Left behind by the previous owners of my parents’ Vermont summer home was a number of books. They weren’t my parents’ kind of reading, nor mine, but one fat book intrigued me (I was thirteen, the age when in pre-Laddt-Chatterly-trial days you looked for the rare sec bits in adult fiction.) I found some and in the end I read the whole fat book. It was endlessly various and much of it seemed perverse and absurd even to my thirteen-year-old mind. However, it also appeared to be a staunch defense of artistic integrity, and that I found inspiring Learning there is something of an Ayn Rand revival, I decided, after many years, to re-read THE FOUNTAINHEAD.

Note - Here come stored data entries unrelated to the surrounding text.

(* Write B for the backward shift and c for a bound on v_n / v_(n+1), so that
   v_a <= c^(b - a) v_b for a <= b.  If x is supported in [-K, K], this gives
   ||B^(m+K) x||^p <= D v_(-m); hence when v_(-m) -> 0 along a set A of upper density one,
   every finitely supported vector (for instance e_0) has an orbit distributionally near 0,
   along the shifted set A + K.  Conversely, if x_j <> 0 then |x_j|^p v_(j-n) <= ||B^n x||^p,
   which passes the distributional convergence of the orbit of x on to (v_(-n)).

   A sequence tends to 0 along some set of upper density one iff each level set
   {m. |f m| < 1/(k+1)} has upper density one; the nontrivial direction is a diagonal
   construction.  So the vectors whose orbits are distributionally near 0 form a countable
   intersection of the sets small_orbit_set k N, each open (it constrains only finitely many
   times m) and dense (it contains every finitely supported vector).  Conversely Y is
   complete, so by Baire a residual set is dense and thus contains a nonzero vector. *)

section \<open>Sets of upper density one\<close>

lemma le_Limsup_iff:
  fixes X :: "_ \<Rightarrow> 'a :: {complete_linorder, dense_linorder}"
  shows "C \<le> Limsup F X \<longleftrightarrow> (\<forall>y<C. \<exists>\<^sub>F x in F. y < X x)"
proof (intro iffI allI impI)
  fix y assume C: "C \<le> Limsup F X" and "y < C"
  show "\<exists>\<^sub>F x in F. y < X x"
  proof (rule ccontr)
    assume "\<not> (\<exists>\<^sub>F x in F. y < X x)"
    then have "\<forall>\<^sub>F x in F. X x \<le> y"
      unfolding not_frequently by (rule eventually_mono) (simp add: not_less)
    then have "Limsup F X \<le> y" by (rule Limsup_bounded)
    with C \<open>y < C\<close> show False by simp
  qed
next
  assume freq: "\<forall>y<C. \<exists>\<^sub>F x in F. y < X x"
  show "C \<le> Limsup F X"
  proof (rule ccontr)
    assume "\<not> C \<le> Limsup F X"
    then have "Limsup F X < C" by (simp add: not_le)
    then obtain z where z: "Limsup F X < z" "z < C" by (blast dest: dense)
    have "\<exists>\<^sub>F x in F. X x < z \<and> z < X x"
      using frequently_eventually_conj[OF freq[rule_format, OF z(2)] Limsup_lessD[OF z(1)]] .
    then have "\<exists>\<^sub>F x in F. False" by (rule frequently_elim1) (meson order.asym)
    then show False by simp
  qed
qed

lemma card_Int_atLeastAtMost_le: "card (A \<inter> {1..n}) \<le> n"
  using card_mono[of "{1..n}" "A \<inter> {1..n}"] by auto

lemma upper_dens_eq_1_iff:
  "upper_dens A = 1 \<longleftrightarrow> (\<forall>r<1. \<exists>\<^sub>F n in sequentially. r * real n < real (card (A \<inter> {1..n})))"
proof -
  define X where "X n = ereal (real (card (A \<inter> {1..n})) / real n)" for n
  have "X n \<le> 1" for n
    using card_Int_atLeastAtMost_le[of A n] by (cases "n = 0") (auto simp: X_def divide_le_eq)
  then have "upper_dens A \<le> 1"
    unfolding upper_dens_def X_def[symmetric] by (intro Limsup_bounded) simp
  then have "upper_dens A = 1 \<longleftrightarrow> (\<forall>y<1. \<exists>\<^sub>F n in sequentially. y < X n)"
    unfolding upper_dens_def X_def[symmetric] le_Limsup_iff[symmetric] by auto
  also have "\<dots> \<longleftrightarrow> (\<forall>r<1. \<exists>\<^sub>F n in sequentially. ereal r < X n)"
  proof (intro iffI allI impI)
    fix y :: ereal assume "\<forall>r<1. \<exists>\<^sub>F n in sequentially. ereal r < X n" and "y < 1"
    then show "\<exists>\<^sub>F n in sequentially. y < X n"
      by (cases y) (auto simp: X_def)
  qed auto
  also have "\<dots> \<longleftrightarrow> (\<forall>r<1. \<exists>\<^sub>F n in sequentially. r * real n < real (card (A \<inter> {1..n})))"
  proof -
    have "ereal r < X n \<longleftrightarrow> r * real n < real (card (A \<inter> {1..n}))" if "n > 0" for r n
      using that by (simp add: X_def pos_less_divide_eq)
    then show ?thesis
      by (intro all_cong frequently_cong[OF eventually_gt_at_top[of 0]]) auto
  qed
  finally show ?thesis .
qed

lemma card_Int_atLeastAtMost_shift_le:
  assumes "\<And>m. m \<ge> m0 \<Longrightarrow> m \<in> A \<Longrightarrow> m + i \<in> B"
  shows "card (A \<inter> {1..n}) \<le> card (B \<inter> {1..n}) + (m0 + i)"
proof -
  have "A \<inter> {1..n} \<subseteq> (\<lambda>m. m - i) ` (B \<inter> {1..n}) \<union> {..<m0} \<union> {n - i<..n}"
  proof
    fix m assume m: "m \<in> A \<inter> {1..n}"
    show "m \<in> (\<lambda>m. m - i) ` (B \<inter> {1..n}) \<union> {..<m0} \<union> {n - i<..n}"
    proof (cases "m0 \<le> m \<and> m + i \<le> n")
      case True
      then have "m + i \<in> B \<inter> {1..n}" using assms m by auto
      then show ?thesis by (intro UnI1 rev_image_eqI[of "m + i"]) auto
    qed (use m in auto)
  qed
  then have "card (A \<inter> {1..n}) \<le> card ((\<lambda>m. m - i) ` (B \<inter> {1..n}) \<union> {..<m0} \<union> {n - i<..n})"
    by (intro card_mono) auto
  also have "\<dots> \<le> card ((\<lambda>m. m - i) ` (B \<inter> {1..n})) + card {..<m0} + card {n - i<..n}"
    by (meson add_le_mono card_Un_le le_refl order_trans)
  also have "\<dots> \<le> card (B \<inter> {1..n}) + m0 + i"
    using card_image_le[of "B \<inter> {1..n}" "\<lambda>m. m - i"] by simp
  finally show ?thesis by simp
qed

lemma upper_dens_eq_1_shift:
  assumes A: "upper_dens A = 1" and AB: "\<forall>\<^sub>F m in sequentially. m \<in> A \<longrightarrow> m + i \<in> B"
  shows "upper_dens B = 1"
  unfolding upper_dens_eq_1_iff
proof (intro allI impI)
  fix r :: real assume "r < 1"
  obtain m0 where "\<And>m. m \<ge> m0 \<Longrightarrow> m \<in> A \<Longrightarrow> m + i \<in> B"
    using AB by (auto simp: eventually_sequentially)
  then have card_le: "real (card (A \<inter> {1..n})) \<le> real (card (B \<inter> {1..n})) + real (m0 + i)" for n
    by (metis card_Int_atLeastAtMost_shift_le of_nat_add of_nat_le_iff)
  define r' where "r' = (1 + r) / 2"
  have "r < r'" "r' < 1" using \<open>r < 1\<close> by (auto simp: r'_def)
  then have freq: "\<exists>\<^sub>F n in sequentially. r' * real n < real (card (A \<inter> {1..n}))"
    using A by (simp add: upper_dens_eq_1_iff)
  have "filterlim (\<lambda>n. (r' - r) * real n) at_top sequentially"
    using \<open>r < r'\<close> by (intro filterlim_tendsto_pos_mult_at_top[OF tendsto_const] filterlim_real_sequentially) auto
  then have "\<forall>\<^sub>F n in sequentially. real (m0 + i) \<le> (r' - r) * real n"
    by (simp add: filterlim_at_top)
  with freq have "\<exists>\<^sub>F n in sequentially.
      r' * real n < real (card (A \<inter> {1..n})) \<and> real (m0 + i) \<le> (r' - r) * real n"
    by (rule frequently_eventually_frequently)
  then show "\<exists>\<^sub>F n in sequentially. r * real n < real (card (B \<inter> {1..n}))"
  proof (rule frequently_elim1)
    fix n assume "r' * real n < real (card (A \<inter> {1..n})) \<and> real (m0 + i) \<le> (r' - r) * real n"
    then show "r * real n < real (card (B \<inter> {1..n}))"
      using card_le[of n] by (simp add: left_diff_distrib)
  qed
qed

lemma upper_dens_image_add:
  "upper_dens A = 1 \<Longrightarrow> upper_dens ((\<lambda>m. m + i) ` A) = 1"
  by (erule upper_dens_eq_1_shift[where i = i]) auto

lemma card_Int_atLeastAtMost_gt_if_tail_subset:
  assumes "Suc k * n0 \<le> n" and E: "(1 - 1 / Suc k) * real n < real (card (E \<inter> {1..n}))"
    and "E \<inter> {n0<..n} \<subseteq> A"
  shows "(1 - 2 / Suc k) * real n < real (card (A \<inter> {1..n}))"
proof -
  have "card (E \<inter> {1..n}) \<le> card (E \<inter> {n0<..n} \<union> {1..n0})"
    by (intro card_mono) auto
  also have "\<dots> \<le> card (E \<inter> {n0<..n}) + n0"
    using card_Un_le[of "E \<inter> {n0<..n}" "{1..n0}"] by simp
  also have "card (E \<inter> {n0<..n}) \<le> card (A \<inter> {1..n})"
    using assms(3) by (intro card_mono) auto
  finally have "real (card (E \<inter> {1..n})) \<le> real (card (A \<inter> {1..n})) + real n0"
    by simp
  moreover have "real n0 \<le> real n / real (Suc k)"
    using assms(1) by (simp add: le_divide_eq mult.commute del: of_nat_Suc flip: of_nat_mult)
  moreover have "(1 - 2 / Suc k) * real n = (1 - 1 / Suc k) * real n - real n / real (Suc k)"
    by (simp add: algebra_simps)
  ultimately show ?thesis using E by linarith
qed

lemma upper_dens_eq_1_checkpoints:
  assumes "\<And>k. upper_dens (E k) = 1"
  obtains N where "\<And>k. Suc k * N k < N (Suc k)"
    and "\<And>k. (1 - 1 / Suc k) * real (N (Suc k)) < real (card (E k \<inter> {1..N (Suc k)}))"
proof -
  have "\<exists>y. Suc k * x < y \<and> (1 - 1 / Suc k) * real y < real (card (E k \<inter> {1..y}))" for k x
  proof -
    have "\<exists>\<^sub>F n in sequentially. (1 - 1 / Suc k) * real n < real (card (E k \<inter> {1..n}))"
      using assms[of k] by (simp add: upper_dens_eq_1_iff)
    then obtain y where "Suc (Suc k * x) \<le> y" "(1 - 1 / Suc k) * real y < real (card (E k \<inter> {1..y}))"
      unfolding frequently_sequentially by blast
    then show ?thesis by (intro exI[of _ y]) auto
  qed
  then have "\<exists>N. \<forall>k. Suc k * N k < N (Suc k) \<and>
      (1 - 1 / Suc k) * real (N (Suc k)) < real (card (E k \<inter> {1..N (Suc k)}))"
    by (rule dependent_nat_choice[where P = "\<lambda>_ _. True", simplified])
  then obtain N where "\<forall>k. Suc k * N k < N (Suc k) \<and>
      (1 - 1 / Suc k) * real (N (Suc k)) < real (card (E k \<inter> {1..N (Suc k)}))" ..
  then show thesis by (intro that[of N]) auto
qed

The edition I found (Penguin Classics 2007) had an introduction by Rand, written 25 years after the first publication; this best-seller had never gone out of print. Rand writes: “My purpose, first cause and prime mover is the portrayal of Howard Roark (her hero) as an end in himself.” (italics hers). She continues: “Since my purpose is the presentation of an ideal man, I had to define and present the conditions which make this possible …. (and) had to present the kind of social system that makes it possible for an ideal man to exist and to function – a free, production rational system which “demands and rewards the best in every man, and which is, obviously, laissez-faire capitalism.” Etc. Never one not to blow her own trumpet, Rand adds “… whatever their future, at the dawn of their lives, men seek a noble vision of man’s nature and of life’s potential. There are very few guideposts to find. THE FOUNTAINHEAD is one of them.” So let’s look at this guidepost.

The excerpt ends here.